In essence, MapD uses a hybrid multi-CPU/multi-GPU architecture running across multiple nodes. This architecture allows for the massive parallelization of the data, analysis, and visualization of big datasets, resulting in several orders of magnitude improvement in processing speed. For such gains, MapD, or massively parallel database, stores data in the onboard memory of the graphics processing units (GPUs) instead of the central processing units (CPUs) used in conventional methods.

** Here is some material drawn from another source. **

(* Let $\mathfrak{A}$ be a separable unital C*-algebra and let $\boldsymbol{\pi}=(\pi_n)_{n\ge1}$ be a random AP sequence for $\mathfrak{A}$ with $\dim\pi_n = d_n$ that converges in the LD sense. Let $a\in\mathfrak{A}$ be non-negative. For $c>0$ let $S_c := \{\phi\in\mathcal{S}_1(\mathfrak{A}):\phi(a)\ge c\}$ and $I(c) := \sup\{\mathrm{h}^0_{\boldsymbol{\pi}}(\phi):\phi\in S_c\}$. Then \[I(c)\cdot d_n + o(d_n)\ \ge\ \log\mathbf{P}(\|\pi_n(a)\|\ge c)\ \ge\ \sup\{I(c'):c'>c\}\cdot d_n - o(d_n)\] as $n\to\infty$ (with the obvious adjustments if $I(c)=-\infty$).
   Context: $\mathcal{S}_1(\mathfrak{A})$ is the state space of $\mathfrak{A}$ with the weak* topology; more generally $\mathfrak{B}(\mathfrak{A},\mathrm{M}_k)_+$ is the set of completely positive maps $\mathfrak{A}\to\mathrm{M}_k$ with the pointwise topology. A random AP sequence is a sequence of random unital $\ast$-representations $\pi_n$ on $\mathbf{C}^{d_n}$, $d_n\to\infty$. For a representation $\pi$ on $H$ and $O\subset\mathfrak{B}(\mathfrak{A},\mathrm{M}_k)_+$, $\mathcal{X}(\pi,O)$ is the set of $(v_1,\dots,v_k)\in H^k$ whose type $a\mapsto[\langle\pi(a)v_j,v_i\rangle]_{i,j}$ lies in $O$. $\mathrm{h}^0_{\boldsymbol{\pi}}(\phi):=\inf_O\limsup_n\frac1{d_n}\log\mathbf{P}(\mathcal{X}(\pi_n,O)\ne\emptyset)$, the infimum over neighbourhoods $O$ of $\phi$. $\boldsymbol{\pi}$ converges in the LD sense if for every $k$ and every $\phi\in\mathfrak{B}(\mathfrak{A},\mathrm{M}_k)_+$: (i) for every $a'>\mathrm{h}^0_{\boldsymbol{\pi}}(\phi)$ some open neighbourhood $O$ of $\phi$ has $\limsup_n\frac1{d_n}\log\mathbf{P}(\mathcal{X}(\pi_n,O)\ne\emptyset)<a'$, and (ii) every open neighbourhood $O$ of $\phi$ has $\liminf_n\frac1{d_n}\log\mathbf{P}(\mathcal{X}(\pi_n,O)\ne\emptyset)\ge\mathrm{h}^0_{\boldsymbol{\pi}}(\phi)$. *)

theory Defs
  imports "HOL-Probability.Probability" "Jordan_Normal_Form.Matrix"
begin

Per MIT Technology Review report, the prototype software tool is being demonstrated on tweets, whereby it can show a meme propagating in real-time on regional or world maps. The report suggests that many large-scale Twitter visualizations, including animated maps and charts, take several seconds or longer to process data before it can be displayed. With MapD, a user can adjust search terms and other parameters, such as time frame or geographical region, and see a new visualization instantly, without having to wait for each new map and animation to compute and load.
According to MIT’s computer science professor Samuel Madden, “the existing Twitter visualizations are ‘canned’ based on some previous computation of a map or picture, rather than being truly interactive.” He added, “We have built a new kind of database system. It will answer and also map every request by scanning through every tweet in the database, which can be done in just a few milliseconds.” Furthermore, he continued, “The system can keep up the pace even if the database has hundreds of millions of tweets.”
In fact, the technology was envisioned last year by Harvard graduate student Todd Mostak, who was frustrated by the slow processing of the social-media data sets. “By building a tool to explore data sets like this in a truly interactive fashion, with latencies measured in milliseconds rather than seconds or minutes, we hope to remove a computational bottleneck from the process of hypothesis formulation, testing, and refinement,” Mostak told MIT Technology Review’s chief correspondent David Talbot.
The report indicates that leading GPU maker Nvidia is planning to demonstrate MapD on more than one billion tweets using eight GPUs at an upcoming conference. The researchers are also planning to do a joint demo with Gnip, a reseller of social-media data from sources like Twitter, Foursquare (News - Alert), and Facebook.